22Die Klage ist begründet.
23Der angefochtene Bescheid ist rechtswidrig und verletzt den Kläger in seinen Rechten, vgl. § 100 Abs. 1 Satz 1 der Finanzgerichtsordnung –FGO-; der Beklagte hat die Günstigerprüfung nach § 31 EStG unzutreffend durchgeführt.
24Die steuerliche Freistellung eines Einkommensbetrages in Höhe des Existenzminimums eines Kindes wird im gesamten Veranlagungszeitraum entweder durch die Freibeträge nach § 32 Abs. 6 oder durch Kindergeld bewirkt, § 31 Satz 1 EStG. Bewirkt der Kindergeldanspruch die Freistellung nicht vollständig und werden deshalb bei der Veranlagung die Kinderfreibeträge abgezogen, erhöht sich gemäß § 31 Satz 4 EStG die unter Abzug dieser Freibeträge ermittelte Einkommensteuer um den Kindergeldanspruch; bei nicht zusammenveranlagten Eltern wird der Kindergeldanspruch im Umfang des Kinderfreibetrages angesetzt.
25Nach diesen Bestimmungen ist für die Vergleichsrechnung die tarifliche Einkommensteuer zu ermitteln – bezogen auf das zu versteuernde Einkommen, einmal ohne Minderung und zum Anderen vermindert um die zu berücksichtigenden Kinderfreibeträge; die Differenz zwischen diesen beiden Beträgen ist die steuerliche Wirkung der Freibeträge i. S. von § 31 Satz 4 Hs. 1 EStG (Loschelder in Schmidt, EStG, 38. A., § 31 Rdn. 12; Kanzler in Herrmann/Heuer/Raupach, EStG, § 31 Rdn. 32). Zu vergleichen ist die Differenz zwischen der Einkommensteuer auf das zu versteuernde Einkommen ohne Freibeträge und der Einkommensteuer auf das zu versteuernde Einkommen abzüglich der Freibeträge einerseits mit dem Anspruch auf Kindergeld andererseits (Seiler in Kirchhof, EStG, 18. Aufl. 2019, § 31 Rdn. 8). Die Vergleichsrechnung besteht in der Gegenüberstellung der Differenz der Einkommensteuer auf das zu versteuernde Einkommen ohne Freibeträge nach § 32 Abs. 6 EStG und der Einkommensteuer auf das zu versteuernde Einkommen abzüglich der Freibeträge nach § 32 Abs. 6 einerseits und dem Anspruch auf Kindergeld andererseits (Jachmann in Kirchhof/Söhn/Mellinghoff, EStG, § 31 B 30).

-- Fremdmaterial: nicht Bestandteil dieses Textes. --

text \<open>Positivity certificates: after the shift A = A0 + u, d = 3 + e all coefficients are
  nonnegative.\<close>

lemma nums_pos:
  assumes "d = 2 \<or> 3 \<le> d" and "root_lower_bound d \<le> A"
  shows "0 < y_num d A" "0 < k_num d A" "0 < phi_num d A"
proof -
  consider "d = 2" "5/2 \<le> A" | "3 \<le> d" "27/10 \<le> A"
    using assms by (auto simp: root_lower_bound_def split: if_splits)
  then have "0 < y_num d A \<and> 0 < k_num d A \<and> 0 < phi_num d A"
  proof cases
    case 1
    define u where "u = A - 5/2"
    have "0 \<le> u" and A: "A = 5/2 + u" using 1 by (simp_all add: u_def)
    have "y_num 2 (5/2+u) = 149/8 + 103/4*u + 19/2*u^2 + u^3"
      "k_num 2 (5/2+u) = 117/8 + 103/4*u + 19/2*u^2 + u^3"
      "phi_num 2 (5/2+u) = 993951/128 + 1108197/32*u + 798545/16*u^2 + 290769/8*u^3 + 15420*u^4
         + 7983/2*u^5 + 623*u^6 + 54*u^7 + 2*u^8"
      unfolding phi_num_def g_num_def y_num_def k_num_def by algebra+
    with \<open>0 \<le> u\<close> show ?thesis unfolding A \<open>d = 2\<close>
      by (simp only:) (intro conjI add_pos_nonneg mult_nonneg_nonneg zero_le_power; simp)
  next
    case 2
    define u where "u = A - 27/10"
    define e where "e = d - 3"
    have "0 \<le> u" "0 \<le> e" and A: "A = 27/10 + u" "d = 3 + e" using 2 by (simp_all add: u_def e_def)
    have "y_num (3+e) (27/10+u) = 25053/1000 + 89/100*e + 3307/100*u + 17/5*u*e + 111/10*u^2
        + u^2*e + u^3"
      "k_num (3+e) (27/10+u) = 20753/1000 + 59/100*e + 3407/100*u + 22/5*u*e + 111/10*u^2
        + u^2*e + u^3"
      "phi_num (3+e) (27/10+u) = 1315426342581/50000000 + 51906786699/5000000*e
        + 545720807/500000*e^2 + 700817/50000*e^3 + 122868501831/1250000*u
        + 22704823089/500000*u*e + 173868963/25000*u*e^2 + 71401/200*u*e^3
        + 7636357049/62500*u^2 + 2696414291/50000*u^2*e + 7880889/1000*u^2*e^2
        + 19107/50*u^2*e^3 + 963576073/12500*u^3 + 30424781/1000*u^3*e + 96939/25*u^3*e^2
        + 787/5*u^3*e^3 + 14156837/500*u^4 + 945413/100*u^4*e + 9701/10*u^4*e^2 + 29*u^4*e^3
        + 791137/125*u^5 + 83147/50*u^5*e + 606/5*u^5*e^2 + 2*u^5*e^3 + 21256/25*u^6
        + 777/5*u^6*e + 6*u^6*e^2 + 316/5*u^7 + 6*u^7*e + 2*u^8"
      unfolding phi_num_def g_num_def y_num_def k_num_def by algebra+
    with \<open>0 \<le> u\<close> \<open>0 \<le> e\<close> show ?thesis unfolding A
      by (simp only:) (intro conjI add_pos_nonneg mult_nonneg_nonneg zero_le_power; simp)
  qed
  then show "0 < y_num d A" "0 < k_num d A" "0 < phi_num d A" by simp_all
qed

lemma char_num_neg:
  assumes "d = 2 \<or> 3 \<le> d"
  shows "char_num d (root_lower_bound d) < 0"
  using assms
proof
  assume "d = 2"
  then show ?thesis by (simp add: char_num_def y_num_def root_lower_bound_def power2_eq_square)
next
  assume "3 \<le> d"
  define e where "e = d - 3"
  have "0 \<le> e" and d: "d = 3 + e" using \<open>3 \<le> d\<close> by (simp_all add: e_def)
  have "char_num (3+e) (27/10) = - 1543233/100000 - 42883/625*e - 9287/1000*e^2"
    unfolding char_num_def y_num_def by algebra
  also have "\<dots> < 0" using \<open>0 \<le> e\<close> zero_le_power2[of e] by linarith
  finally show ?thesis using \<open>0 \<le> e\<close> unfolding d root_lower_bound_def by simp
qed

lemma char_F_eq:
  assumes "0 < A"
  shows "char_F d t A = char_num d A / (A*(A+1)^2) - (t-1)*(d/A)*(y_num d A/(A*(A+1)))"
proof -
  have "A \<noteq> 0" "A + 1 \<noteq> 0" using assms by simp_all
  then show ?thesis unfolding char_F_def char_num_def y_num_def
    by (simp add: divide_simps power2_eq_square) algebra
qed

lemma g_num_eq:
  assumes "0 < A"
  shows "(A + d - 1 - (d-2)/(A+2) - t*d/A) * (A*(A+1)*(A+2)*y_num d A)
         = g_num d A + A^2*(A+1)^2*(A+2) * char_F d t A"
proof -
  have "A \<noteq> 0" "A + 1 \<noteq> 0" "A + 2 \<noteq> 0" using assms by simp_all
  then show ?thesis unfolding char_F_def g_num_def y_num_def
    by (simp add: divide_simps power2_eq_square) algebra
qed

lemma char_F_root_exists:
  assumes "d = 2 \<or> 3 \<le> d" and "1 \<le> t"
  shows "\<exists>A. root_lower_bound d \<le> A \<and> char_F d t A = 0"
proof -
  define A0 where "A0 = root_lower_bound d"
  have "0 < A0" by (simp add: A0_def root_lower_bound_def)
  have "2 \<le> d" using assms(1) by auto
  have "char_F d t A0 < 0"
  proof -
    have "0 < y_num d A0" using nums_pos(1)[OF assms(1)] by (simp add: A0_def)
    then have "0 \<le> (t-1)*(d/A0)*(y_num d A0/(A0*(A0+1)))"
      using assms(2) \<open>2 \<le> d\<close> \<open>0 < A0\<close> by simp
    moreover have "char_num d A0 / (A0*(A0+1)^2) < 0"
      using char_num_neg[OF assms(1)] \<open>0 < A0\<close> by (simp add: A0_def divide_neg_pos)
    ultimately show ?thesis using char_F_eq[OF \<open>0 < A0\<close>, of d t] by linarith
  qed
  moreover have "0 < char_F d t (t*d + 3)" using char_F_pos_large \<open>2 \<le> d\<close> assms(2) by blast
  moreover have "A0 \<le> t*d + 3"
    using \<open>2 \<le> d\<close> assms(2) by (simp add: A0_def root_lower_bound_def)
  moreover have "continuous_on {A0..t*d + 3} (char_F d t)"
    unfolding char_F_def using \<open>0 < A0\<close> by (intro continuous_intros) auto
  ultimately show ?thesis
    using IVT'[of "char_F d t" A0 0 "t*d + 3"] unfolding A0_def by fastforce
qed

lemma F1_class_inequalities_of_slack:
  fixes A d t h r :: real
  assumes "0 < A" and "0 < h" and "0 < r"
  defines "s \<equiv> A + d - 1" and "P \<equiv> 2*(d-1)/(A+1)" and "Q \<equiv> (d-2)/(A+2)"
  assumes slack_v: "h*(1 + Q) + r*((d-1)/(A+1) + Q) < s - 2 - P - 2*Q"
    and slack_\<eta>: "2 + 2*Q + r*(Q + t*d/A) < h*(s - Q - t*d/A)"
  shows "F1_class_inequalities d t s ((2 + r)/(A+1)) ((2 + h + r)/(A+2)) h ((h + r)/A)"
proof -
  define c1 where "c1 = (2 + r)/(A+1)"
  define c2 where "c2 = (2 + h + r)/(A+2)"
  define p where "p = (h + r)/A"
  have "c1 * (A+1) = 2 + r" "c2 * (A+2) = 2 + h + r" "p * A = h + r"
    using \<open>0 < A\<close> by (simp_all add: c1_def c2_def p_def)
  moreover have "s*c1 - (d-2)*c1 = c1*(A+1)" "s*c2 - (d-3)*c2 = c2*(A+2)" "s*p - (d-1)*p = p*A"
    by (simp_all add: s_def algebra_simps)
  moreover have "2 + (d-1)*c1 + (d-2)*c2 + h = 2 + P + 2*Q + h*(1 + Q) + r*((d-1)/(A+1) + Q)"
    and "2 + (d-2)*c2 + t*d*p = 2 + 2*Q + r*(Q + t*d/A) + h*(Q + t*d/A)"
    by (simp_all add: c1_def c2_def p_def P_def Q_def algebra_simps add_divide_distrib)
  ultimately show ?thesis
    unfolding F1_class_inequalities_def c1_def[symmetric] c2_def[symmetric] p_def[symmetric]
    using slack_v slack_\<eta> \<open>0 < A\<close> \<open>0 < h\<close> \<open>0 < r\<close>
    by (auto simp: c1_def c2_def p_def algebra_simps)
qed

26Nach diesen Grundsätzen sind hier gegenüber zu stellen, wie vom Kläger geltend gemacht, das zu versteuernde Einkommen von 75.283 EUR (ohne Abzug eines Kinderfreibetrages) und von 68.131 EUR (Abzug des vollen Kinderfreibetrages; Anteil der Kindesmutter, damals dauernd getrennt lebende Ehefrau des Klägers, antragsgemäß auf diesen übertragen, § 32 Abs. 6 Satz 6 EStG). Die tarifliche Einkommensteuer (s. § 32a Abs. 1, 6 EStG) hierauf beträgt 23.357 EUR bzw. 20.353 EUR. Die sich insoweit ergebende Differenz von 3.004 EUR ist höher als der Kindergeldanspruch von 2.256 EUR (nach § 31 Satz 4 Hs. 2 EStG hier anzusetzen in vollem Umfang, entsprechend dem vollen Kinderfreibetrag). Als Rechtsfolge erhöht sich gemäß § 31 Satz 4 EStG die unter Abzug des Kinderfreibetrages ermittelte tarifliche Einkommensteuer (hier: 20.353 EUR) um das Kindergeld von 2.256 EUR auf somit 22.609 EUR.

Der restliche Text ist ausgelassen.